## THE INPUT
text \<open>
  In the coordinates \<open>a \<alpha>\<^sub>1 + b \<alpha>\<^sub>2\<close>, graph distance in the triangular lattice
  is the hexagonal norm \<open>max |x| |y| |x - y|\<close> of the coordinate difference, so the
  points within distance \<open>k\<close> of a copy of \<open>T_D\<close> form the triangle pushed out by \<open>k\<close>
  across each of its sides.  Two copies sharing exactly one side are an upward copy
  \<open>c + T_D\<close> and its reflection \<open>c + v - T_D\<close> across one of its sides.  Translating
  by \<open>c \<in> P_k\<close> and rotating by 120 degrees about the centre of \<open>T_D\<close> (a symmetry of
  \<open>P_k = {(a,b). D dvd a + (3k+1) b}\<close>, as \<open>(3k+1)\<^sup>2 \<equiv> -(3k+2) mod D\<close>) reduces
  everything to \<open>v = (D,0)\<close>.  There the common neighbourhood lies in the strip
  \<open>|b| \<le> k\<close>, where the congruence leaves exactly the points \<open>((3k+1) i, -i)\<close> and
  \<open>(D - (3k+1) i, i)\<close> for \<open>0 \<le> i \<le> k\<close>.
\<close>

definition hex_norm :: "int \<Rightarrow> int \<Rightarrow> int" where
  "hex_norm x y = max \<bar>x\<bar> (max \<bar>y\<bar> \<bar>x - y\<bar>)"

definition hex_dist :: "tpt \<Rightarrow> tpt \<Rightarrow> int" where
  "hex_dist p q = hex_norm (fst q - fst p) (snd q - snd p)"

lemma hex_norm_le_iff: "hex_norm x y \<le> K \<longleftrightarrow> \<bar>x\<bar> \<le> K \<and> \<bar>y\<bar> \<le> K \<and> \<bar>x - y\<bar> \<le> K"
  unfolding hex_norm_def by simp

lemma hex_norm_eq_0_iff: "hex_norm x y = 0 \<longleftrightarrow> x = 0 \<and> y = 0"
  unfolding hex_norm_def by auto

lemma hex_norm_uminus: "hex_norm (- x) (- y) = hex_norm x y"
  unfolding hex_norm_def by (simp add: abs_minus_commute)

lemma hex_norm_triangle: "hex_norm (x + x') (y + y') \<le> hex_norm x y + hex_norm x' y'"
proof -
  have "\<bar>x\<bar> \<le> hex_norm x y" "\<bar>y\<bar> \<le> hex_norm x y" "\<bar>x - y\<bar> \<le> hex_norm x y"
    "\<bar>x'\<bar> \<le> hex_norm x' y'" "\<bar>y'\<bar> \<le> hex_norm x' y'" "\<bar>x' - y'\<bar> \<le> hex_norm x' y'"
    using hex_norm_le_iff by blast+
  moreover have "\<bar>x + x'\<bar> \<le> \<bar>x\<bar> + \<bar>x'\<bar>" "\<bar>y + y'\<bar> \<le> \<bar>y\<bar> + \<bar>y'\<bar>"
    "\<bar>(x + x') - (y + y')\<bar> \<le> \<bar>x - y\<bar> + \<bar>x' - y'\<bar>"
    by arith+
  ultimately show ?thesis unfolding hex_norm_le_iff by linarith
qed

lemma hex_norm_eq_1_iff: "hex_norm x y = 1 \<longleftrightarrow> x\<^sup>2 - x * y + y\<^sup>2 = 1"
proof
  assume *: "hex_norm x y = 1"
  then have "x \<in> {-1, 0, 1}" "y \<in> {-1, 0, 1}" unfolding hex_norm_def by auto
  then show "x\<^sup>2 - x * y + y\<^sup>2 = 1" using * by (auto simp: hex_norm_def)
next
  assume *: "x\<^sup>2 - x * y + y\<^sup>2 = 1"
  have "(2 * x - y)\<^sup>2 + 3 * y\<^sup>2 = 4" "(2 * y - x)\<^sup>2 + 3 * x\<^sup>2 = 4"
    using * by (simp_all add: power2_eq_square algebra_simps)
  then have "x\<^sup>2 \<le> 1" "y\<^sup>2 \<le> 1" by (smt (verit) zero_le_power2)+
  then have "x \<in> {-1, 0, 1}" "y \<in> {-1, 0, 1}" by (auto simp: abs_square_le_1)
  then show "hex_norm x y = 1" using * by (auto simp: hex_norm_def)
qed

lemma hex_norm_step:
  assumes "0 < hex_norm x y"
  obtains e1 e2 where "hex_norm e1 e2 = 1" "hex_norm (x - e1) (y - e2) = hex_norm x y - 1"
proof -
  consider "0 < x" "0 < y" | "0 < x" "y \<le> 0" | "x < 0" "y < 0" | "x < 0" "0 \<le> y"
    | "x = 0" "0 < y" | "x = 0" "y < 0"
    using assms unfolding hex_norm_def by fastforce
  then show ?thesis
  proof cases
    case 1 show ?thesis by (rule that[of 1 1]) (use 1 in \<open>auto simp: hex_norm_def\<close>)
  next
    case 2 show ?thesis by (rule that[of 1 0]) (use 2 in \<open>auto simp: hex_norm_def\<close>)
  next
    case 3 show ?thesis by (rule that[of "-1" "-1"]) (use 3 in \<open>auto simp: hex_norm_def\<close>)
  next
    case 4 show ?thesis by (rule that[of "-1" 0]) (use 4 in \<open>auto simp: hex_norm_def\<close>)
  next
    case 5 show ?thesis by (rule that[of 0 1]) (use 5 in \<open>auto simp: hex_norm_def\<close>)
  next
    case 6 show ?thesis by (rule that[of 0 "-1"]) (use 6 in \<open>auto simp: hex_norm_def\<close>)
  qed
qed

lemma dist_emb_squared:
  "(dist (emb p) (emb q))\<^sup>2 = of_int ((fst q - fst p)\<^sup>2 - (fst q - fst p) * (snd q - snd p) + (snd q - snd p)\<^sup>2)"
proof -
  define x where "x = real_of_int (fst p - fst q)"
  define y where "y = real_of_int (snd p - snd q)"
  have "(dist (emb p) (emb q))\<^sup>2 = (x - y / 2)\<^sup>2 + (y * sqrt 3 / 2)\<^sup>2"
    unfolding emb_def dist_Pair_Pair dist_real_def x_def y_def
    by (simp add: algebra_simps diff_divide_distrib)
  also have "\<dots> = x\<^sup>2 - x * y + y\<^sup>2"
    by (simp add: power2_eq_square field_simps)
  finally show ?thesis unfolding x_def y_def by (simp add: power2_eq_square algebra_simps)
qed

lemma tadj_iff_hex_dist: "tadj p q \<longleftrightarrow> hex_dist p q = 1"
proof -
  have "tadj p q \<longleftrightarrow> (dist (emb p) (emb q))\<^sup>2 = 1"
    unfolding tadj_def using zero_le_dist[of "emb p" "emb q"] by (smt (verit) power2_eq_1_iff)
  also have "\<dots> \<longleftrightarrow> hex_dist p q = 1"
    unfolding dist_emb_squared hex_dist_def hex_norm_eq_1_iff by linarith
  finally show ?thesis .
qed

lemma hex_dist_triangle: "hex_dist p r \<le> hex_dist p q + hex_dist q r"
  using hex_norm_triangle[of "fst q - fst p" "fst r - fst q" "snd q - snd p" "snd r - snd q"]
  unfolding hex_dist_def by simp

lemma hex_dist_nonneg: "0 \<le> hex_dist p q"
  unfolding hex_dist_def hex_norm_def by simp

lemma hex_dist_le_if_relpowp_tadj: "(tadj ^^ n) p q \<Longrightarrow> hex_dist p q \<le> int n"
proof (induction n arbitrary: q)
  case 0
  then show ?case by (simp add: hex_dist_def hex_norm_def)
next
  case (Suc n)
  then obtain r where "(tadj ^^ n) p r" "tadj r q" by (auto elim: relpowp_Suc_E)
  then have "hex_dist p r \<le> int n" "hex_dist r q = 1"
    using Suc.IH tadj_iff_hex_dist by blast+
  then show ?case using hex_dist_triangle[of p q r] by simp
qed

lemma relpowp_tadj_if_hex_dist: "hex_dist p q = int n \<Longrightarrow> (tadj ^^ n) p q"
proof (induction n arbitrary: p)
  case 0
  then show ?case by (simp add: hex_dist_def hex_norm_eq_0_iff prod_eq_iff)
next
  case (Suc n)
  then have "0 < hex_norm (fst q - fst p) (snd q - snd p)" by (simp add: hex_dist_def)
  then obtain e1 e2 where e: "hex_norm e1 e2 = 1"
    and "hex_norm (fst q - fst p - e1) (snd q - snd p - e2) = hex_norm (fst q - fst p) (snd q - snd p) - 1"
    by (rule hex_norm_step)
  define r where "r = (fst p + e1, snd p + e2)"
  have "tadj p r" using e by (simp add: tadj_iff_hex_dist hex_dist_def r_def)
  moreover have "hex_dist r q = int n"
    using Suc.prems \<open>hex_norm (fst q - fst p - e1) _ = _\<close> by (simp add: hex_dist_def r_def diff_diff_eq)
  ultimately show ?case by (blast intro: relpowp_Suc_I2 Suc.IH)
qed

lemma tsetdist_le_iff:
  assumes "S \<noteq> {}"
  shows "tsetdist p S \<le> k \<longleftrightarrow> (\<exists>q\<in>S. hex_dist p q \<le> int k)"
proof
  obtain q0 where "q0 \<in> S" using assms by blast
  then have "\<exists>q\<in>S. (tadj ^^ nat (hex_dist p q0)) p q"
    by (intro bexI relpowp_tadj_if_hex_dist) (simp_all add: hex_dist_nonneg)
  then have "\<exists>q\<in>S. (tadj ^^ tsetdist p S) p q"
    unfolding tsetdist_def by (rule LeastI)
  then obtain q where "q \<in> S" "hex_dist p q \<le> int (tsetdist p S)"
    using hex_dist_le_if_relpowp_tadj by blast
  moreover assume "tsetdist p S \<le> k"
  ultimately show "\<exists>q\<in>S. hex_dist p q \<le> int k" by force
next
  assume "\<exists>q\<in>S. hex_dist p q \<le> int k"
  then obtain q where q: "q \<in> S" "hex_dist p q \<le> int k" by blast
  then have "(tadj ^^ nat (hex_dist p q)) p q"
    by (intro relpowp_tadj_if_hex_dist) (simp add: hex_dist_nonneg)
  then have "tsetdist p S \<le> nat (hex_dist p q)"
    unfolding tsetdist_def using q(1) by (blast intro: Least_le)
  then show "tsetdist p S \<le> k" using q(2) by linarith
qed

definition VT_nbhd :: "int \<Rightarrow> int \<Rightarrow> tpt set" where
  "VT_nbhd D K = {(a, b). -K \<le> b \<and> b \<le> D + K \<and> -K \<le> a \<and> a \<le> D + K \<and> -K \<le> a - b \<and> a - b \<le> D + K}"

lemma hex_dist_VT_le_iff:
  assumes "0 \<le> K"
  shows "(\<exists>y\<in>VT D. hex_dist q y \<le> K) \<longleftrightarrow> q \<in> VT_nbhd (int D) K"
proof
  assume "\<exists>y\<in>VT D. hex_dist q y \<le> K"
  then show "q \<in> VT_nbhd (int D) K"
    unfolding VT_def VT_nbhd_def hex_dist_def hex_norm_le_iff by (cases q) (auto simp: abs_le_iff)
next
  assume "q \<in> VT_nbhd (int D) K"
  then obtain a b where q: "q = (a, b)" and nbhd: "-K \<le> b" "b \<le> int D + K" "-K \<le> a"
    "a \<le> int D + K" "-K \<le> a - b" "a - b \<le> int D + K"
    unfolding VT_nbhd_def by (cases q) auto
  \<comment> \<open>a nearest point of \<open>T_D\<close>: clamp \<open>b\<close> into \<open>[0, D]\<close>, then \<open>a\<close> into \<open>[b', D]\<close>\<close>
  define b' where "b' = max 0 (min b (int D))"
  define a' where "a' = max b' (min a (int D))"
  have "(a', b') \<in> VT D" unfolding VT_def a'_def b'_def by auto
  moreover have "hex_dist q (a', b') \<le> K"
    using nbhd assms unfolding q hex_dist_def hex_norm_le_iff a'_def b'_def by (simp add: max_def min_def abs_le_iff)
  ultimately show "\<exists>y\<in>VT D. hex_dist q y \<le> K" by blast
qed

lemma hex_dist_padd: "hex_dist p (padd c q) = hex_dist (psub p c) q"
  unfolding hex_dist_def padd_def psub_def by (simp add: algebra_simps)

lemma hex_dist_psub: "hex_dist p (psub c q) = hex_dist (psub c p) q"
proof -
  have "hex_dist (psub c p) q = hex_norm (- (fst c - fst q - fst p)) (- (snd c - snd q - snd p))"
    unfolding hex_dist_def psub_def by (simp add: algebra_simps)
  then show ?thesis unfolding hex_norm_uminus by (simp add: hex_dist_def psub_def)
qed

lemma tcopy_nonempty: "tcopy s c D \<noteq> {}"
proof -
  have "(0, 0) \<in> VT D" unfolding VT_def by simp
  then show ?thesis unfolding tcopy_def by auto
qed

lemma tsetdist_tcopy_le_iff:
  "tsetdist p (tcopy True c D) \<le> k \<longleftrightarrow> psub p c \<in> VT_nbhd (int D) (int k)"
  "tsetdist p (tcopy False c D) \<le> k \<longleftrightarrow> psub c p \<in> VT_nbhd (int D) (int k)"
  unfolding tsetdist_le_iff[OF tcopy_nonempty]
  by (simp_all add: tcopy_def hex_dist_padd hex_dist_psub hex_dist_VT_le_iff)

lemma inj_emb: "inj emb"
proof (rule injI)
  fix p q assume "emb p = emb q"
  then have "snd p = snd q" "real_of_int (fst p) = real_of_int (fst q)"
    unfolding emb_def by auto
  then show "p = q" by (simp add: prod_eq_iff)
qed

## ABOUT THIS TASK
From the entries, copy every line in which the word "assms" occurs.

## SOLUTION FOR THIS EXERCISE
    using assms unfolding hex_norm_def by fastforce
  obtain q0 where "q0 \<in> S" using assms by blast
    using nbhd assms unfolding q hex_dist_def hex_norm_le_iff a'_def b'_def by (simp add: max_def min_def abs_le_iff)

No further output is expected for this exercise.